Riding through the country in Cambodia gave a very different feel than the city. There were obviously fewer people living in the rural areas, which were more like jungle than actual living space. The people living there also seemed to have no issue with nudity, as most of the children ran around with no clothes, and seemingly, no cares. In the more rural areas, almost all the houses seemed to be built on stilts, with a staircase leading up to the second (or main) floor. I’m not exactly sure what this was for, though it may have had something to do with the rain. Cambodia gets a lot of rain each year, and probably a lot of flooding in the areas that are not equipped to deal with the rain. By building houses on stilts, families could effectively protect their homes from the next incoming weather disaster.
At one point we stopped at a local market. The moment we stepped off the bus, we were surrounded by children, each shoving their food products in our face. “Sweet bananas, only one dollar!” and “Pineapple! Two for one dollar!” seemed to be the chime of the hour, as every single child mobbed us with their local goods. However, as if this were not enough, two or three of the girls even carried around giant tarantula spiders with them. Although I did not have a problem with the spiders (yeah, they’re gross, but there are worse things), a few of the other travelers on the bus did not enjoy them. With their pitiful yelps and screams, the children giggled, following them with their spiders. This must have been a field day for those kids. Make money AND torment foreigners – very productive.
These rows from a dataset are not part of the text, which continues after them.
lemma coupled_system_estimates:
  fixes z p q K\<^sub>1 K\<^sub>2 :: complex and c\<^sub>1 c\<^sub>2 I\<^sub>1 I\<^sub>2 :: real
  assumes pos: "c\<^sub>1 > 0" "c\<^sub>2 > 0" "Im z > 0" "Im p > 0" "Im q > 0"
    and eq\<^sub>1: "- z * p = of_real c\<^sub>1 * K\<^sub>1" and eq\<^sub>2: "- z * q = of_real c\<^sub>2 * K\<^sub>2"
    and Im\<^sub>1: "Im K\<^sub>1 = - Im q * I\<^sub>1" and Im\<^sub>2: "Im K\<^sub>2 = - Im p * I\<^sub>2"
    and sq\<^sub>1: "(cmod K\<^sub>1)\<^sup>2 \<le> I\<^sub>1" and sq\<^sub>2: "(cmod K\<^sub>2)\<^sup>2 \<le> I\<^sub>2"
    and Im_qK\<^sub>1: "0 \<le> Im (q * K\<^sub>1)"
  shows "cmod (z * p * q) \<le> sqrt (c\<^sub>1 * c\<^sub>2)"
    "(cmod q)\<^sup>2 * I\<^sub>1 \<le> c\<^sub>2 / c\<^sub>1" "(cmod p)\<^sup>2 * I\<^sub>2 \<le> c\<^sub>1 / c\<^sub>2"
    and "cmod (z * p * q) = c\<^sub>1 * cmod K\<^sub>1 * cmod q" "cmod (z * p * q) = c\<^sub>2 * cmod K\<^sub>2 * cmod p"
proof -
  define P where "P = cmod (z * p * q)"
  have Im_zp: "Im (z * p) = c\<^sub>1 * Im q * I\<^sub>1" and Im_zq: "Im (z * q) = c\<^sub>2 * Im p * I\<^sub>2"
    using arg_cong[OF eq\<^sub>1, of Im] arg_cong[OF eq\<^sub>2, of Im] Im\<^sub>1 Im\<^sub>2 by simp_all
  have "- z * p * q = of_real c\<^sub>1 * (q * K\<^sub>1)"
    using eq\<^sub>1 by (simp add: mult_ac)
  then have "Im (- z * p * q) \<ge> 0"
    using pos Im_qK\<^sub>1 by simp
  from Im_mult_Im_mult_le[OF pos(3) this]
  have "(c\<^sub>1 * c\<^sub>2 * I\<^sub>1 * I\<^sub>2) * (Im p * Im q) \<le> (cmod z)\<^sup>2 * (Im p * Im q)"
    unfolding Im_zp Im_zq by (simp add: mult_ac)
  then have energies: "c\<^sub>1 * c\<^sub>2 * I\<^sub>1 * I\<^sub>2 \<le> (cmod z)\<^sup>2"
    using pos by (simp add: mult_le_cancel_right)
  show P\<^sub>1: "P = c\<^sub>1 * cmod K\<^sub>1 * cmod q" and P\<^sub>2: "P = c\<^sub>2 * cmod K\<^sub>2 * cmod p"
    using arg_cong[OF eq\<^sub>1, of "\<lambda>w. cmod (w * q)"] arg_cong[OF eq\<^sub>2, of "\<lambda>w. cmod (w * p)"] pos
    by (simp_all add: P_def norm_mult mult_ac)
  have "P > 0"
    using pos by (auto simp: P_def)
  moreover have "P\<^sup>2 \<le> c\<^sub>1\<^sup>2 * ((cmod q)\<^sup>2 * I\<^sub>1)"
    using mult_left_mono[OF sq\<^sub>1, of "c\<^sub>1\<^sup>2 * (cmod q)\<^sup>2"] unfolding P\<^sub>1
    by (simp add: power_mult_distrib mult_ac)
  moreover have "P\<^sup>2 \<le> c\<^sub>2\<^sup>2 * ((cmod p)\<^sup>2 * I\<^sub>2)"
    using mult_left_mono[OF sq\<^sub>2, of "c\<^sub>2\<^sup>2 * (cmod p)\<^sup>2"] unfolding P\<^sub>2
    by (simp add: power_mult_distrib mult_ac)
  moreover have "c\<^sub>1 * c\<^sub>2 * ((cmod q)\<^sup>2 * I\<^sub>1) * ((cmod p)\<^sup>2 * I\<^sub>2) \<le> P\<^sup>2"
    using mult_left_mono[OF energies, of "(cmod p)\<^sup>2 * (cmod q)\<^sup>2"] unfolding P_def
    by (simp add: norm_mult power_mult_distrib mult_ac)
  ultimately show "cmod (z * p * q) \<le> sqrt (c\<^sub>1 * c\<^sub>2)"
    "(cmod q)\<^sup>2 * I\<^sub>1 \<le> c\<^sub>2 / c\<^sub>1" "(cmod p)\<^sup>2 * I\<^sub>2 \<le> c\<^sub>1 / c\<^sub>2"
    using bounds_from_square_inequalities[OF pos(1,2)] unfolding P_def by blast+
qed

lemma kernel_mean_equation:
  fixes M :: "real measure" and z p q :: complex and c :: real
  assumes "z \<noteq> 0" and "p = of_real c * (LINT t|M. of_real t / (- z * (1 + q * of_real t)))"
  shows "- z * p = of_real c * kernel_mean M q"
proof -
  have "(LINT t|M. of_real t / (- z * (1 + q * of_real t))) = kernel_mean M q / (- z)"
    unfolding kernel_mean_def
    by (simp only: mult.commute[of "- z"] divide_divide_eq_left[symmetric] integral_divide_zero)
  with assms show ?thesis
    by simp
qed

lemma coupled_solution_bounded_left:
  assumes M\<^sub>1: "nonneg_distribution M\<^sub>1" and M\<^sub>2: "nonneg_distribution M\<^sub>2"
    and c: "c\<^sub>1 > 0" "c\<^sub>2 > 0" and \<eta>: "\<eta> > 0" and mass: "measure M\<^sub>2 {0<..} > 0"
  obtains B where "\<And>z p q. Im z > 0 \<Longrightarrow> \<eta> \<le> cmod z \<Longrightarrow> Im p > 0 \<Longrightarrow> Im q > 0 \<Longrightarrow>
      - z * p = of_real c\<^sub>1 * kernel_mean M\<^sub>1 q \<Longrightarrow> - z * q = of_real c\<^sub>2 * kernel_mean M\<^sub>2 p \<Longrightarrow>
      cmod p \<le> B"
proof -
  define m where "m = measure M\<^sub>2 {0<..}"
  obtain R\<^sub>0 where R\<^sub>0: "\<And>s. Im s > 0 \<Longrightarrow> R\<^sub>0 \<le> cmod s \<Longrightarrow>
      (cmod s)\<^sup>2 * kernel_energy M\<^sub>2 s \<le> c\<^sub>1 / c\<^sub>2 \<Longrightarrow> cmod (of_real m - s * kernel_mean M\<^sub>2 s) \<le> m / 2"
    using nonneg_distribution.kernel_mean_near_infinity[OF M\<^sub>2, of "c\<^sub>1 / c\<^sub>2" "m / 2"] c mass
    unfolding m_def by auto
  obtain \<sigma>\<^sub>0 where \<sigma>\<^sub>0: "\<sigma>\<^sub>0 > 0" and small: "\<And>s. Im s > 0 \<Longrightarrow> cmod s \<le> \<sigma>\<^sub>0 \<Longrightarrow>
      (cmod s)\<^sup>2 * kernel_energy M\<^sub>1 s \<le> c\<^sub>2 / c\<^sub>1 \<Longrightarrow>
      cmod s * cmod (kernel_mean M\<^sub>1 s) \<le> c\<^sub>2 * m / (4 * c\<^sub>1)"
    using nonneg_distribution.kernel_mean_near_zero[OF M\<^sub>1, of "c\<^sub>2 / c\<^sub>1" "c\<^sub>2 * m / (4 * c\<^sub>1)"] c mass
    unfolding m_def by auto
  show thesis
  proof (rule that)
    fix z p q
    assume z: "Im z > 0" "\<eta> \<le> cmod z" and pq: "Im p > 0" "Im q > 0"
      and eq\<^sub>1: "- z * p = of_real c\<^sub>1 * kernel_mean M\<^sub>1 q"
      and eq\<^sub>2: "- z * q = of_real c\<^sub>2 * kernel_mean M\<^sub>2 p"
    show "cmod p \<le> max R\<^sub>0 (sqrt (c\<^sub>1 * c\<^sub>2) / (\<eta> * \<sigma>\<^sub>0))"
    proof (rule ccontr)
      assume "\<not> ?thesis"
      then have large: "R\<^sub>0 \<le> cmod p" "sqrt (c\<^sub>1 * c\<^sub>2) / (\<eta> * \<sigma>\<^sub>0) < cmod p"
        by auto
      have "sqrt (c\<^sub>1 * c\<^sub>2) < \<eta> * cmod p * \<sigma>\<^sub>0"
        using large(2) \<eta> \<sigma>\<^sub>0 by (simp add: divide_less_eq mult_ac)
      note estimates = coupled_system_estimates[OF c z(1) pq eq\<^sub>1 eq\<^sub>2
          nonneg_distribution.Im_kernel_mean[OF M\<^sub>1 pq(2)] nonneg_distribution.Im_kernel_mean[OF M\<^sub>2 pq(1)]
          nonneg_distribution.norm_kernel_mean_square_le[OF M\<^sub>1 pq(2)]
          nonneg_distribution.norm_kernel_mean_square_le[OF M\<^sub>2 pq(1)]
          nonneg_distribution.Im_mult_kernel_mean_nonneg[OF M\<^sub>1 pq(2)]]
      define P where "P = cmod (z * p * q)"
      have "m / 2 \<le> cmod p * cmod (kernel_mean M\<^sub>2 p)"
        using R\<^sub>0[OF pq(1) large(1) estimates(3)] norm_triangle_ineq2[of "of_real m" "p * kernel_mean M\<^sub>2 p"]
          mass by (simp add: m_def norm_mult)
      then have P_lower: "c\<^sub>2 * m / 2 \<le> P"
        using estimates(5) c by (simp add: P_def mult_ac)
      have "\<eta> * cmod p * cmod q \<le> sqrt (c\<^sub>1 * c\<^sub>2)"
        using mult_right_mono[OF z(2), of "cmod p * cmod q"] estimates(1) by (simp add: norm_mult mult_ac)
      then have "\<eta> * cmod p * cmod q < \<eta> * cmod p * \<sigma>\<^sub>0"
        using \<open>sqrt (c\<^sub>1 * c\<^sub>2) < \<eta> * cmod p * \<sigma>\<^sub>0\<close> by linarith
      then have "cmod q < \<sigma>\<^sub>0"
        by (rule mult_left_less_imp_less) (use \<eta> in simp)
      from small[OF pq(2) less_imp_le[OF this] estimates(2)]
      have "P \<le> c\<^sub>2 * m / 4"
        using estimates(4) c by (simp add: P_def field_simps)
      moreover have "0 < c\<^sub>2 * m"
        using c mass by (simp add: m_def)
      ultimately show False
        using P_lower by linarith
    qed
  qed
qed

lemma coupled_solution_bounded:
  assumes M\<^sub>1: "nonneg_distribution M\<^sub>1" "M\<^sub>1 \<noteq> return borel 0"
    and M\<^sub>2: "nonneg_distribution M\<^sub>2" "M\<^sub>2 \<noteq> return borel 0"
    and c: "c\<^sub>1 > 0" "c\<^sub>2 > 0" and \<eta>: "\<eta> > 0"
  obtains B where "\<And>z p q. Im z > 0 \<Longrightarrow> \<eta> \<le> cmod z \<Longrightarrow> Im p > 0 \<Longrightarrow> Im q > 0 \<Longrightarrow>
      - z * p = of_real c\<^sub>1 * kernel_mean M\<^sub>1 q \<Longrightarrow> - z * q = of_real c\<^sub>2 * kernel_mean M\<^sub>2 p \<Longrightarrow>
      cmod p \<le> B \<and> cmod q \<le> B"
proof -
  obtain B\<^sub>1 where B\<^sub>1: "\<And>z p q. Im z > 0 \<Longrightarrow> \<eta> \<le> cmod z \<Longrightarrow> Im p > 0 \<Longrightarrow> Im q > 0 \<Longrightarrow>
      - z * p = of_real c\<^sub>1 * kernel_mean M\<^sub>1 q \<Longrightarrow> - z * q = of_real c\<^sub>2 * kernel_mean M\<^sub>2 p \<Longrightarrow>
      cmod p \<le> B\<^sub>1"
    using coupled_solution_bounded_left[OF M\<^sub>1(1) M\<^sub>2(1) c \<eta>
        nonneg_distribution.measure_Ioi_zero_pos[OF M\<^sub>2]] by blast
  obtain B\<^sub>2 where B\<^sub>2: "\<And>z p q. Im z > 0 \<Longrightarrow> \<eta> \<le> cmod z \<Longrightarrow> Im p > 0 \<Longrightarrow> Im q > 0 \<Longrightarrow>
      - z * p = of_real c\<^sub>2 * kernel_mean M\<^sub>2 q \<Longrightarrow> - z * q = of_real c\<^sub>1 * kernel_mean M\<^sub>1 p \<Longrightarrow>
      cmod p \<le> B\<^sub>2"
    using coupled_solution_bounded_left[OF M\<^sub>2(1) M\<^sub>1(1) c(2,1) \<eta>
        nonneg_distribution.measure_Ioi_zero_pos[OF M\<^sub>1]] by blast
  show thesis
    by (rule that[of "max B\<^sub>1 B\<^sub>2"]) (use B\<^sub>1 B\<^sub>2 in fastforce)
qed

theorem lemma3p2:
  fixes c :: real and \<nu> \<nu>' :: "real measure"
    and \<delta> \<delta>' :: "complex \<Rightarrow> complex"
  assumes c_pos: "c > 0"
    and \<nu>: "prob_on_Rplus \<nu>" and \<nu>_ne: "\<nu> \<noteq> return borel 0"
    and \<nu>': "prob_on_Rplus \<nu>'" and \<nu>'_ne: "\<nu>' \<noteq> return borel 0"
    and in_Cplus: "\<And>z. Im z > 0 \<Longrightarrow> Im (\<delta> z) > 0 \<and> Im (\<delta>' z) > 0"
    and eq1: "\<And>z. Im z > 0 \<Longrightarrow>
      \<delta> z = of_real c * (LINT t|\<nu>. of_real t / (- z * (1 + \<delta>' z * of_real t)))"
    and eq2: "\<And>z. Im z > 0 \<Longrightarrow>
      \<delta>' z = (LINT t|\<nu>'. of_real t / (- z * (1 + \<delta> z * of_real t)))"
  shows "\<forall>R. R \<subseteq> {z. Im z > 0} \<longrightarrow> bounded R \<longrightarrow> (\<exists>\<eta>>0. \<forall>z\<in>R. \<bar>Re z\<bar> \<ge> \<eta>) \<longrightarrow>
           (\<exists>B. \<forall>z\<in>R. cmod (\<delta> z) \<le> B \<and> cmod (\<delta>' z) \<le> B)"
proof (intro allI impI)
  fix R :: "complex set"
  assume R: "R \<subseteq> {z. Im z > 0}" "bounded R" and "\<exists>\<eta>>0. \<forall>z\<in>R. \<bar>Re z\<bar> \<ge> \<eta>"
  then obtain \<eta> where \<eta>: "\<eta> > 0" "\<And>z. z \<in> R \<Longrightarrow> \<eta> \<le> \<bar>Re z\<bar>"
    by blast
  obtain B where B: "\<And>z p q. Im z > 0 \<Longrightarrow> \<eta> \<le> cmod z \<Longrightarrow> Im p > 0 \<Longrightarrow> Im q > 0 \<Longrightarrow>
      - z * p = of_real c * kernel_mean \<nu> q \<Longrightarrow> - z * q = of_real 1 * kernel_mean \<nu>' p \<Longrightarrow>
      cmod p \<le> B \<and> cmod q \<le> B"
    using coupled_solution_bounded[OF _ \<nu>_ne _ \<nu>'_ne c_pos zero_less_one \<eta>(1)] \<nu> \<nu>'
    by (auto simp: prob_on_Rplus_iff_nonneg_distribution)
  have "cmod (\<delta> z) \<le> B \<and> cmod (\<delta>' z) \<le> B" if "z \<in> R" for z
  proof (rule B)
    show z: "Im z > 0" "\<eta> \<le> cmod z"
      using that R(1) \<eta>(2) abs_Re_le_cmod[of z] by (auto intro: order_trans)
    show "Im (\<delta> z) > 0" "Im (\<delta>' z) > 0"
      using in_Cplus[OF z(1)] by auto
    show "- z * \<delta> z = of_real c * kernel_mean \<nu> (\<delta>' z)"
      using z(1) by (intro kernel_mean_equation eq1) auto
    show "- z * \<delta>' z = of_real 1 * kernel_mean \<nu>' (\<delta> z)"
      using z(1) eq2[OF z(1)] by (intro kernel_mean_equation) auto
  qed
  then show "\<exists>B. \<forall>z\<in>R. cmod (\<delta> z) \<le> B \<and> cmod (\<delta>' z) \<le> B"
    by blast
qed

end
A few hours later, we eventually made it to Siem Reap. Right away, I could tell that this city was much more tourist friendly. It was less of a bustling city, as there were fewer scooters and open shops along the side of the road, and more of a hodgepodge of every culture imaginable that allowed for a person of any ethnicity to feel comfortable. This city certainly catered to and attracted every type of person, which came as no surprise to me. I mean, Angkor Wat is pretty damn cool.
After reaching the hostel and finding out that the plug for my computer indeed fits into the socket (that was the icing of my cake of a day), I settled down for a nice, quiet evening of hanging out and resting. Much more excitement to come tomorrow! Woo Angkor Wat!